Required action >> A single number is the answer: how many lines of the entries contain the word "agree"?

#### Information ####

lemma funpow_tau_singleton_factor: "\<exists>M p. (tau ^^ n) [s] = factor M p"
proof (cases "s = A")
  case True
  show ?thesis
    by (rule exI[of _ "2 ^ Suc n - 1"], rule exI[of _ 0]) (simp add: True funpow_tau_A factor_def)
next
  case False
  then obtain i where "s = cycle_letter i" by (metis exists_cycle_letter)
  then have "(tau ^^ n) [s] = factor 1 (2 ^ Suc (i + n) - 1)"
    by (simp only: funpow_tau_cycle_letter factor_one ruler_word_before_power)
  then show ?thesis by blast
qed

lemma sublist_factorE:
  assumes "sublist w (factor M p)"
  obtains q where "w = factor (length w) q"
proof -
  obtain xs where xs: "sublist xs [p..<p + M]" "w = map ruler_word xs"
    using assms sublist_map_rightE by (fastforce simp: factor_def)
  from xs(1) obtain r where "xs = [r..<r + length xs]" by (rule sublist_uptE)
  with xs(2) show ?thesis using that[of r] by (simp add: factor_def)
qed

lemma factor_sublist_funpow_tau_A: "sublist (factor L p) ((tau ^^ (p + L)) [A])"
proof -
  have "p + L \<le> 2 ^ Suc (p + L) - 1" using less_exp[of "p + L"] power_Suc[of "2::nat" "p + L"] by linarith
  then have "sublist [p..<p + L] [0..<2 ^ Suc (p + L) - 1]" by (intro sublist_uptI) simp_all
  then show ?thesis unfolding factor_def funpow_tau_A by (rule map_mono_sublist)
qed

lemma Sub_tau_eq_factors: "{w \<in> Sub_tau. length w = L} = range (factor L)"
proof
  show "{w \<in> Sub_tau. length w = L} \<subseteq> range (factor L)"
  proof clarify
    fix w assume "w \<in> Sub_tau"
    then obtain n s where "sublist w ((tau ^^ n) [s])" by (auto simp: Sub_tau_def Sub_def)
    moreover obtain M p where "(tau ^^ n) [s] = factor M p" using funpow_tau_singleton_factor by blast
    ultimately show "w \<in> range (factor (length w))" by (metis rangeI sublist_factorE)
  qed
  show "range (factor L) \<subseteq> {w \<in> Sub_tau. length w = L}"
    using factor_sublist_funpow_tau_A by (fastforce simp: Sub_tau_def Sub_def factor_def)
qed

subsection \<open>Factors as pivot words\<close>

definition pivot_word :: "nat \<Rightarrow> nat \<times> letter \<Rightarrow> letter list" where
  "pivot_word L x = map (\<lambda>j. if j = fst x then snd x
     else val_letter (multiplicity 2 (if j < fst x then fst x - j else j - fst x))) [0..<L]"

lemma length_pivot_word [simp]: "length (pivot_word L x) = L"
  by (simp add: pivot_word_def)

lemma nth_pivot_word:
  "j < L \<Longrightarrow> pivot_word L (r, c) ! j =
     (if j = r then c else val_letter (multiplicity 2 (if j < r then r - j else j - r)))"
  by (simp add: pivot_word_def)

lemma length_factor [simp]: "length (factor L p) = L"
  by (simp add: factor_def)

lemma nth_factor: "j < L \<Longrightarrow> factor L p ! j = val_letter (multiplicity 2 (Suc p + j))"
  by (simp add: factor_def ruler_word_def)

lemma factor_eq_pivot_word:
  assumes "r < L"
    and max: "\<And>j. j < L \<Longrightarrow> j \<noteq> r \<Longrightarrow> multiplicity 2 (Suc p + j) < multiplicity 2 (Suc p + r)"
  shows "factor L p = pivot_word L (r, val_letter (multiplicity 2 (Suc p + r)))"
proof (rule nth_equalityI)
  fix j assume "j < length (factor L p)"
  then have j: "j < L" by simp
  consider "j = r" | "j < r" | "r < j" by linarith
  then show "factor L p ! j = pivot_word L (r, val_letter (multiplicity 2 (Suc p + r))) ! j"
  proof cases
    case 2
    then have "multiplicity 2 (Suc p + r - (Suc p + j)) = multiplicity 2 (Suc p + j)"
      using max[OF j] by (intro multiplicity_diff_right) simp_all
    with 2 j show ?thesis by (simp add: nth_factor nth_pivot_word)
  next
    case 3
    then have "multiplicity 2 (Suc p + j - (Suc p + r)) = multiplicity 2 (Suc p + j)"
      using max[OF j] by (intro multiplicity_diff_left) simp_all
    with 3 j show ?thesis by (simp add: nth_factor nth_pivot_word)
  qed (simp_all add: j assms(1) nth_factor nth_pivot_word)
qed simp

lemma unique_max_multiplicity_two:
  fixes a L :: nat
  assumes "0 < a" "0 < L"
  obtains r where "r < L"
    "\<And>j. j < L \<Longrightarrow> j \<noteq> r \<Longrightarrow> multiplicity 2 (a + j) < multiplicity 2 (a + r)"
proof -
  define v where "v j = multiplicity 2 (a + j)" for j
  have fin: "finite (v ` {..<L})" and ne: "v ` {..<L} \<noteq> {}" using assms(2) by auto
  obtain r where r: "r < L" "v r = Max (v ` {..<L})" using Max_in[OF fin ne] by auto
  have le: "v j \<le> v r" if "j < L" for j using Max_ge[OF fin] that r(2) by simp
  have "v j < v r" if j: "j < L" "j \<noteq> r" for j
  proof (rule ccontr)
    assume "\<not> v j < v r"
    then have "2 ^ v r dvd a + j" "2 ^ v r dvd a + r"
      using multiplicity_dvd'[of "v r" "2::nat"] by (simp_all add: v_def)
    moreover have "a + min j r < a + max j r" using j(2) by linarith
    ultimately obtain c where c: "a + min j r \<le> c" "c \<le> a + max j r" "2 ^ Suc (v r) dvd c"
      by (metis power_two_dvd_between min_def max_def)
    then have "Suc (v r) \<le> multiplicity 2 c"
      using assms(1) by (intro multiplicity_geI) simp_all
    moreover have "c = a + (c - a)" "c - a < L" using c j r(1) by auto
    ultimately have "v r < v (c - a)" by (simp add: v_def)
    with le[OF \<open>c - a < L\<close>] show False by simp
  qed
  with r(1) show ?thesis using that by (simp add: v_def)
qed

lemma letter_neq_A_iff: "c \<noteq> A \<longleftrightarrow> c \<in> {X, Y, Z}"
  by (cases c) simp_all

lemma val_letter_in_XYZ: "0 < e \<Longrightarrow> val_letter e \<in> {X, Y, Z}"
  by (metis letter_neq_A_iff val_letter_eq_A_iff neq0_conv)

lemma factor_in_pivot_words:
  assumes "2 \<le> L"
  shows "factor L p \<in> pivot_word L ` ({0..<L} \<times> {X, Y, Z})"
proof -
  obtain r where r: "r < L"
    "\<And>j. j < L \<Longrightarrow> j \<noteq> r \<Longrightarrow> multiplicity 2 (Suc p + j) < multiplicity 2 (Suc p + r)"
    using unique_max_multiplicity_two[of "Suc p" L] assms by auto
  have "\<exists>j<2. even (Suc p + j)" by presburger
  then obtain j where j: "j < 2" "even (Suc p + j)" by blast
  then have "0 < multiplicity 2 (Suc p + j)"
    by (simp add: multiplicity_gt_zero_iff)
  moreover have "multiplicity 2 (Suc p + j) \<le> multiplicity 2 (Suc p + r)"
    using r(2)[of j] j(1) assms by (cases "j = r") auto
  ultimately have "val_letter (multiplicity 2 (Suc p + r)) \<in> {X, Y, Z}"
    by (intro val_letter_in_XYZ) linarith
  moreover have "factor L p = pivot_word L (r, val_letter (multiplicity 2 (Suc p + r)))"
    using r by (rule factor_eq_pivot_word)
  ultimately show ?thesis using r(1) by force
qed

lemma pivot_word_in_factors:
  assumes "r < L" "c \<noteq> A"
  shows "pivot_word L (r, c) \<in> range (factor L)"
proof -
  obtain i where i: "L \<le> i" "cycle_letter i = c" using exists_cycle_letter[OF assms(2)] .
  define M where "M = Suc i"
  have M: "val_letter M = c" "L < 2 ^ M"
    using i less_exp[of "Suc i"] unfolding M_def by simp_all
  define p where "p = 2 ^ M - Suc r"
  have "factor L p = pivot_word L (r, c)"
  proof (rule nth_equalityI)
    fix j assume "j < length (factor L p)"
    then have j: "j < L" by simp
    then have pj: "Suc p + j = 2 ^ M - r + j" using M(2) assms(1) by (simp add: p_def)
    consider "j = r" | "j < r" | "r < j" by linarith
    then show "factor L p ! j = pivot_word L (r, c) ! j"
    proof cases
      case 1
      then show ?thesis using j M assms(1) pj by (simp add: nth_factor nth_pivot_word)
    next
      case 2
      then have "2 ^ M - r + j = 2 ^ M - (r - j)" using M(2) assms(1) by simp
      moreover have "multiplicity 2 (2 ^ M - (r - j)) = multiplicity 2 (r - j)"
        using 2 M(2) assms(1) by (intro multiplicity_two_power_minus) simp_all
      ultimately show ?thesis using 2 j pj by (simp add: nth_factor nth_pivot_word)
    next
      case 3
      then have "2 ^ M - r + j = 2 ^ M + (j - r)" using M(2) assms(1) by simp
      moreover have "multiplicity 2 (2 ^ M + (j - r)) = multiplicity 2 (j - r)"
        using 3 M(2) j by (intro multiplicity_two_power_plus) simp_all
      ultimately show ?thesis using 3 j pj by (simp add: nth_factor nth_pivot_word)
    qed
  qed simp
  then show ?thesis by (metis rangeI)
qed

lemma range_factor_eq_pivot_words:
  "2 \<le> L \<Longrightarrow> range (factor L) = pivot_word L ` ({0..<L} \<times> {X, Y, Z})"
  using factor_in_pivot_words pivot_word_in_factors by (fastforce simp: letter_neq_A_iff)

subsection \<open>Coincidences between pivot words\<close>

lemma pivot_word_eqD:
  assumes eq: "pivot_word L (r, c) = pivot_word L (r', c')" and r: "r < r'" "r' < L"
  shows "\<exists>e. r' = r + 2 ^ e \<and> c = val_letter e \<and> c' = val_letter e \<and> r < 2 ^ e \<and> L \<le> r + 2 ^ Suc e"
proof -
  have agree: "pivot_word L (r, c) ! j = pivot_word L (r', c') ! j" if "j < L" for j
    using eq by simp
  define e where "e = multiplicity 2 (r' - r)"
  txt \<open>Each way the conclusion can fail yields a position at which one word sees
    valuation \<open>e\<close> and the other valuation \<open>e + 1\<close>.\<close>
  have c: "c = val_letter e" "c' = val_letter e"
    using agree[of r] agree[of r'] r by (simp_all add: nth_pivot_word e_def)
  have gap: "r' - r = 2 ^ e"
  proof (rule ccontr)
    assume "r' - r \<noteq> 2 ^ e"
    then have less: "2 * 2 ^ e < r' - r"
      using multiplicity_two_gap[of "r' - r"] r(1) by (simp add: e_def)
    have "multiplicity 2 (r' - r - 2 * 2 ^ e) = e"
      using less by (subst multiplicity_diff_left) (simp_all add: e_def)
    moreover have between: "r + 2 * 2 ^ e < r'" using less by linarith
    ultimately have "pivot_word L (r', c') ! (r + 2 * 2 ^ e) = val_letter e"
      using r by (simp add: nth_pivot_word)
    moreover have "pivot_word L (r, c) ! (r + 2 * 2 ^ e) = val_letter (Suc e)"
      using between r by (simp add: nth_pivot_word del: val_letter.simps)
    ultimately show False using agree between r(2) val_letter_Suc_neq by (metis less_trans)
  qed
  have r': "r' = r + 2 ^ e" using gap r(1) by simp
  have left: "r < 2 ^ e"
  proof (rule ccontr)
    assume "\<not> r < 2 ^ e"
    then obtain j where j: "r = j + 2 ^ e" by (metis add.commute le_add_diff_inverse not_less)
    then have "pivot_word L (r, c) ! j = val_letter e"
      "pivot_word L (r', c') ! j = val_letter (Suc e)"
      using r r' by (simp_all add: nth_pivot_word del: val_letter.simps flip: mult_2)
    moreover have "j < L" using j r by linarith
    ultimately show False using agree[of j] val_letter_Suc_neq[of e] by metis
  qed
  have right: "L \<le> r + 2 ^ Suc e"
  proof (rule ccontr)
    assume "\<not> L \<le> r + 2 ^ Suc e"
    then have "pivot_word L (r, c) ! (r + 2 * 2 ^ e) = val_letter (Suc e)"
      "pivot_word L (r', c') ! (r + 2 * 2 ^ e) = val_letter e"
      using r r' by (simp_all add: nth_pivot_word del: val_letter.simps)
    moreover have "r + 2 * 2 ^ e < L" using \<open>\<not> L \<le> r + 2 ^ Suc e\<close> by simp
    ultimately show False using agree[of "r + 2 * 2 ^ e"] val_letter_Suc_neq[of e] by metis
  qed
  show ?thesis using r' c left right by blast
qed
lemma powr_tangent_gap_gt:
  fixes q x y :: real
  assumes q: "1 < q" "q < 2" and x: "0 < x" "x \<le> 1" and y: "0 \<le> y" "y \<le> 1" "y \<noteq> x"
  shows "(q - 1) / 2 * (y - x)\<^sup>2 < (y powr q - x powr q) / q - x powr (q - 1) * (y - x)"
proof -
  define \<psi> where "\<psi> z = z powr (q - 1) - (q - 1) * z" for z
  define \<phi> where "\<phi> z = z powr q / q - x powr (q - 1) * z - (q - 1) / 2 * (z - x)\<^sup>2" for z
  have \<phi>_deriv: "(\<phi> has_real_derivative \<psi> z - \<psi> x) (at z)" if "0 < z" for z
  proof -
    have "(\<phi> has_real_derivative
            q * z powr (q - 1) / q - x powr (q - 1) - (q - 1) / 2 * (2 * (z - x))) (at z)"
      unfolding \<phi>_def using that q by (auto intro!: derivative_eq_intros)
    then show ?thesis by (rule DERIV_cong) (use q in \<open>simp add: \<psi>_def field_simps\<close>)
  qed
  have \<phi>_cont: "continuous_on A \<phi>" if "A \<subseteq> {0..}" for A
    unfolding \<phi>_def using that q by (intro continuous_intros continuous_on_powr') auto
  have \<psi>_less: "\<psi> z\<^sub>1 < \<psi> z\<^sub>2" if "0 \<le> z\<^sub>1" "z\<^sub>1 < z\<^sub>2" "z\<^sub>2 \<le> 1" for z\<^sub>1 z\<^sub>2
    unfolding \<psi>_def using powr_minus_linear_strict_mono[of "q - 1" z\<^sub>1 z\<^sub>2] that q by simp
  have "\<phi> x < \<phi> y"
  proof (cases "x < y")
    case True
    show ?thesis
    proof (rule DERIV_pos_imp_increasing_open[OF True])
      fix z assume "x < z" "z < y"
      then show "\<exists>d. (\<phi> has_real_derivative d) (at z) \<and> 0 < d"
        using \<phi>_deriv[of z] \<psi>_less[of x z] x y by auto
    qed (use \<phi>_cont x in auto)
  next
    case False
    with y have "y < x" by simp
    then show ?thesis
    proof (rule DERIV_neg_imp_decreasing_open)
      fix z assume "y < z" "z < x"
      then show "\<exists>d. (\<phi> has_real_derivative d) (at z) \<and> d < 0"
        using \<phi>_deriv[of z] \<psi>_less[of z x] x y by auto
    qed (use \<phi>_cont y in auto)
  qed
  then show ?thesis
    unfolding \<phi>_def by (simp add: diff_divide_distrib algebra_simps)
qed

lemma weighted_Cauchy_Schwarz:
  fixes c w :: "'a \<Rightarrow> real"
  assumes "\<forall>i\<in>I. 0 \<le> c i"
  shows "(\<Sum>i\<in>I. c i * w i)\<^sup>2 \<le> (\<Sum>i\<in>I. c i) * (\<Sum>i\<in>I. c i * (w i)\<^sup>2)"
proof -
  have "(\<Sum>i\<in>I. sqrt (c i) * (sqrt (c i) * w i))\<^sup>2
          \<le> (\<Sum>i\<in>I. (sqrt (c i))\<^sup>2) * (\<Sum>i\<in>I. (sqrt (c i) * w i)\<^sup>2)"
    by (rule Cauchy_Schwarz_ineq_sum)
  also have "\<dots> = (\<Sum>i\<in>I. c i) * (\<Sum>i\<in>I. c i * (w i)\<^sup>2)"
    using assms by (auto simp: power_mult_distrib intro!: arg_cong2[where f = "(*)"] sum.cong)
  finally show ?thesis
    using assms by (simp add: mult.assoc[symmetric] cong: sum.cong)
qed

definition reduced_energy ::
    "real \<Rightarrow> real \<Rightarrow> nat set \<Rightarrow> (nat \<Rightarrow> real) \<Rightarrow> (nat \<Rightarrow> real) \<Rightarrow> (nat \<Rightarrow> real) \<Rightarrow>
     (nat \<Rightarrow> real) \<Rightarrow> real"
  where "reduced_energy b p I a c d x =
     1/2 * (\<Sum>i\<in>I. a i * x i) + b/4 * (\<Sum>i\<in>I. c i * x i)\<^sup>2 - 1/p * (\<Sum>i\<in>I. d i * x i powr (p/2))"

####

Output of the exercise >> 5